REQUIREMENT ▸
Wherever the word "Longrightarrow" occurs in the lines below, copy the whole line.

ENTRIES PROVIDED ▸

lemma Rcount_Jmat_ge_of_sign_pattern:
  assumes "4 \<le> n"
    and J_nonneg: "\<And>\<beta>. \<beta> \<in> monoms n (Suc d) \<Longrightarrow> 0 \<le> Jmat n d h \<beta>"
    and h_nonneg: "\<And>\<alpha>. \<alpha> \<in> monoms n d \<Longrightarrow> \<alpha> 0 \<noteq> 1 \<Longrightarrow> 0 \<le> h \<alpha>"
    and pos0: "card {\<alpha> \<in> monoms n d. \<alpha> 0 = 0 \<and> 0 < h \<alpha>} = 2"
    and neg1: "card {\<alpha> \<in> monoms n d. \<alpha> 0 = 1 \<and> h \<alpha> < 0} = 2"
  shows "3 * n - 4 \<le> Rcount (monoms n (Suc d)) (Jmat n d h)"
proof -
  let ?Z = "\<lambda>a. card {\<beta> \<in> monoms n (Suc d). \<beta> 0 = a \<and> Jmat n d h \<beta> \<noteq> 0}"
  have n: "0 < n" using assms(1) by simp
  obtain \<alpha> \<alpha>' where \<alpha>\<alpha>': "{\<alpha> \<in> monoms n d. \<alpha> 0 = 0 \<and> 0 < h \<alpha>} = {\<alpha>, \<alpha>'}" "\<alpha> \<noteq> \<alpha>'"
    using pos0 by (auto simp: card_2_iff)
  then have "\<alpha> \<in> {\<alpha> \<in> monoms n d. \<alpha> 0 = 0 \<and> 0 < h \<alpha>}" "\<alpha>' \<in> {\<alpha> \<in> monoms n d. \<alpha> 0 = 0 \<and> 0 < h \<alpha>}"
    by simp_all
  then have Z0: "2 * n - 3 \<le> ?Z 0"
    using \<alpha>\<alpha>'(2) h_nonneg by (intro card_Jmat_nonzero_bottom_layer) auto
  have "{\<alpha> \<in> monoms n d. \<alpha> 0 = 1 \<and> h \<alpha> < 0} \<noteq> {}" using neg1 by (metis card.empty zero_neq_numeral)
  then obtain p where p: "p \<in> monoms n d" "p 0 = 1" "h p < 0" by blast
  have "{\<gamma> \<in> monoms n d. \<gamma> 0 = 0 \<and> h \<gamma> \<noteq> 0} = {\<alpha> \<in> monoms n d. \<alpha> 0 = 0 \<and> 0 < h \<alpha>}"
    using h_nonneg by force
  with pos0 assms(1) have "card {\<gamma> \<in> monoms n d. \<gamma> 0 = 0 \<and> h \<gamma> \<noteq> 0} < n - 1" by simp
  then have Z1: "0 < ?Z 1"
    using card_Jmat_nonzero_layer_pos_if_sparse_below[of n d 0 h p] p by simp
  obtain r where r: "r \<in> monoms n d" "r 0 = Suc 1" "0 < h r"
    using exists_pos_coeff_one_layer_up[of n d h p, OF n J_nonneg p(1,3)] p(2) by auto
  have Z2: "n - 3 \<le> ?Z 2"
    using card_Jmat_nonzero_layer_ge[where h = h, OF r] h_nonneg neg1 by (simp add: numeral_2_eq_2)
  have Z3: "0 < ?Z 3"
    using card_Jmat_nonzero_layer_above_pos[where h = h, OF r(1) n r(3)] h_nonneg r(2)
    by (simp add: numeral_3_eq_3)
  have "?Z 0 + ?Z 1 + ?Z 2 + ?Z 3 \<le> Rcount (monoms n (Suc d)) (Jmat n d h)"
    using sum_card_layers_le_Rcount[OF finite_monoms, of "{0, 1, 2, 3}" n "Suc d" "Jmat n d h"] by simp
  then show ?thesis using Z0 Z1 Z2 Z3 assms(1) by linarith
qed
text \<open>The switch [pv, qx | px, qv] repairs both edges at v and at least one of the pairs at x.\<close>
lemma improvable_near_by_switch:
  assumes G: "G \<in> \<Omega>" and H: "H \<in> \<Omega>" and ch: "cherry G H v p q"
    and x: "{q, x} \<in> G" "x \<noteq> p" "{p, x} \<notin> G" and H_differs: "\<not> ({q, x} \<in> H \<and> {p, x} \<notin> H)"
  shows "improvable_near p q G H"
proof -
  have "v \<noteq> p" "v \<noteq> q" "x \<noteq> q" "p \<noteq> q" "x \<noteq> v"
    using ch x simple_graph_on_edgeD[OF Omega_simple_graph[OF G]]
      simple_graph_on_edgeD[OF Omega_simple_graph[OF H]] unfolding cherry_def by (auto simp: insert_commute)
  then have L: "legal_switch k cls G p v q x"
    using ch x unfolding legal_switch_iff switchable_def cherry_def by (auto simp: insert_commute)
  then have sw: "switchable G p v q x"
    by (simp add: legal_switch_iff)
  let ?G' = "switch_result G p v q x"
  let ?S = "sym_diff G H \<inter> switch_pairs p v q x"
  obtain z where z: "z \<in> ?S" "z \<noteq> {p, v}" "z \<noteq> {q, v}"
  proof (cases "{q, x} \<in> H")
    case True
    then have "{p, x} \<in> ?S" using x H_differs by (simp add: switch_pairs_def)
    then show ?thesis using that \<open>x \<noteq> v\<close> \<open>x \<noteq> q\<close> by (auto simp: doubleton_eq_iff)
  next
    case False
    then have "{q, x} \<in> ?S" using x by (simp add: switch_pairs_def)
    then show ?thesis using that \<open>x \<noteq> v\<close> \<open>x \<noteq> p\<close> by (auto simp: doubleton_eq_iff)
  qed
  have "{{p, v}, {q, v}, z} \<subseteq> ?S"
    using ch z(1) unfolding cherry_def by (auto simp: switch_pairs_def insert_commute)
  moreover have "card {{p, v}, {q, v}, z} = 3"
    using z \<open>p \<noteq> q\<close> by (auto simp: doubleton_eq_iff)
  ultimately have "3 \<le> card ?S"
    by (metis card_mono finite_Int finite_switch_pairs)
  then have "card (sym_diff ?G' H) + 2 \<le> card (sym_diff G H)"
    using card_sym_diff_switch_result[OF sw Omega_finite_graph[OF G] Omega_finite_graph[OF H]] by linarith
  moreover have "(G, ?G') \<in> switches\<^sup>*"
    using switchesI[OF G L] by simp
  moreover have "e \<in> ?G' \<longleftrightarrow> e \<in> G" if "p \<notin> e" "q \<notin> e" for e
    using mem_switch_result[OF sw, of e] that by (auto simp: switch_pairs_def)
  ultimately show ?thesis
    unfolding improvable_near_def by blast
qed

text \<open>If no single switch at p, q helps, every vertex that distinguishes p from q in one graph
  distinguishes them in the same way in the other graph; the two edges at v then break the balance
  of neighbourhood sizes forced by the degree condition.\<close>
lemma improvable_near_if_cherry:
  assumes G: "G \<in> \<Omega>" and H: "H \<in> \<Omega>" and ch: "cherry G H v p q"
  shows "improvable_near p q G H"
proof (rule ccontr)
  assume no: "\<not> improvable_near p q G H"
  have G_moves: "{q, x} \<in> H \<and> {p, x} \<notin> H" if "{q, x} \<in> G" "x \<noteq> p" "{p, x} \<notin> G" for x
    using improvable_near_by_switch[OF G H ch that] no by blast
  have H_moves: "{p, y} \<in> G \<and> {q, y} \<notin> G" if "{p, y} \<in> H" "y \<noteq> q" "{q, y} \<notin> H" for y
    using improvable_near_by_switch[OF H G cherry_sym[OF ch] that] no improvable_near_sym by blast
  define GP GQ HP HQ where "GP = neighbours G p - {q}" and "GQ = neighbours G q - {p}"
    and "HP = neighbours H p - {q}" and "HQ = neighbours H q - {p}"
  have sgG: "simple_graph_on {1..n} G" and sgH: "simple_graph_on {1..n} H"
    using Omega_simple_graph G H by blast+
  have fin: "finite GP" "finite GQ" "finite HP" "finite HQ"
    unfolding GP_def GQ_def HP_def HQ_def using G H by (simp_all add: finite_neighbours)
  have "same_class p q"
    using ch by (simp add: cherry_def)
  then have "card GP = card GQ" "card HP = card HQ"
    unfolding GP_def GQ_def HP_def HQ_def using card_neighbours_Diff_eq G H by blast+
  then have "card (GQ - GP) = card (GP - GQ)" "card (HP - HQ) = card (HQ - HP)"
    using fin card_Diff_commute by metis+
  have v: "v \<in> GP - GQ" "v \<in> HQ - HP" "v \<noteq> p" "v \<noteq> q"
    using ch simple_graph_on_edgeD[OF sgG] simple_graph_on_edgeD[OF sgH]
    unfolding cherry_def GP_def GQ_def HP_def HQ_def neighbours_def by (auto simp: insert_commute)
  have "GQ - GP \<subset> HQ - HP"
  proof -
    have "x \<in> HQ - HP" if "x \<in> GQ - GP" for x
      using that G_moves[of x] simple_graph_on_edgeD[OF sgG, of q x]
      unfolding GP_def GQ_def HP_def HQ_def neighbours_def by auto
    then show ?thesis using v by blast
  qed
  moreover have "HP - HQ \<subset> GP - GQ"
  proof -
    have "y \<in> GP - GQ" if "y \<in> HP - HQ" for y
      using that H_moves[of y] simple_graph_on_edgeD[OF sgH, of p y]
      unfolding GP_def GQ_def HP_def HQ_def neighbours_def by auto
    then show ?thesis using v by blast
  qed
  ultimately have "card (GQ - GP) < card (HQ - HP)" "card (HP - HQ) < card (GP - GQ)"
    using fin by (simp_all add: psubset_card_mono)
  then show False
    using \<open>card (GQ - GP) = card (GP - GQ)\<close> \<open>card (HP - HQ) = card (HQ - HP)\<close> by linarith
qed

REPLY TO THE TASK ▸
    and J_nonneg: "\<And>\<beta>. \<beta> \<in> monoms n (Suc d) \<Longrightarrow> 0 \<le> Jmat n d h \<beta>"
    and h_nonneg: "\<And>\<alpha>. \<alpha> \<in> monoms n d \<Longrightarrow> \<alpha> 0 \<noteq> 1 \<Longrightarrow> 0 \<le> h \<alpha>"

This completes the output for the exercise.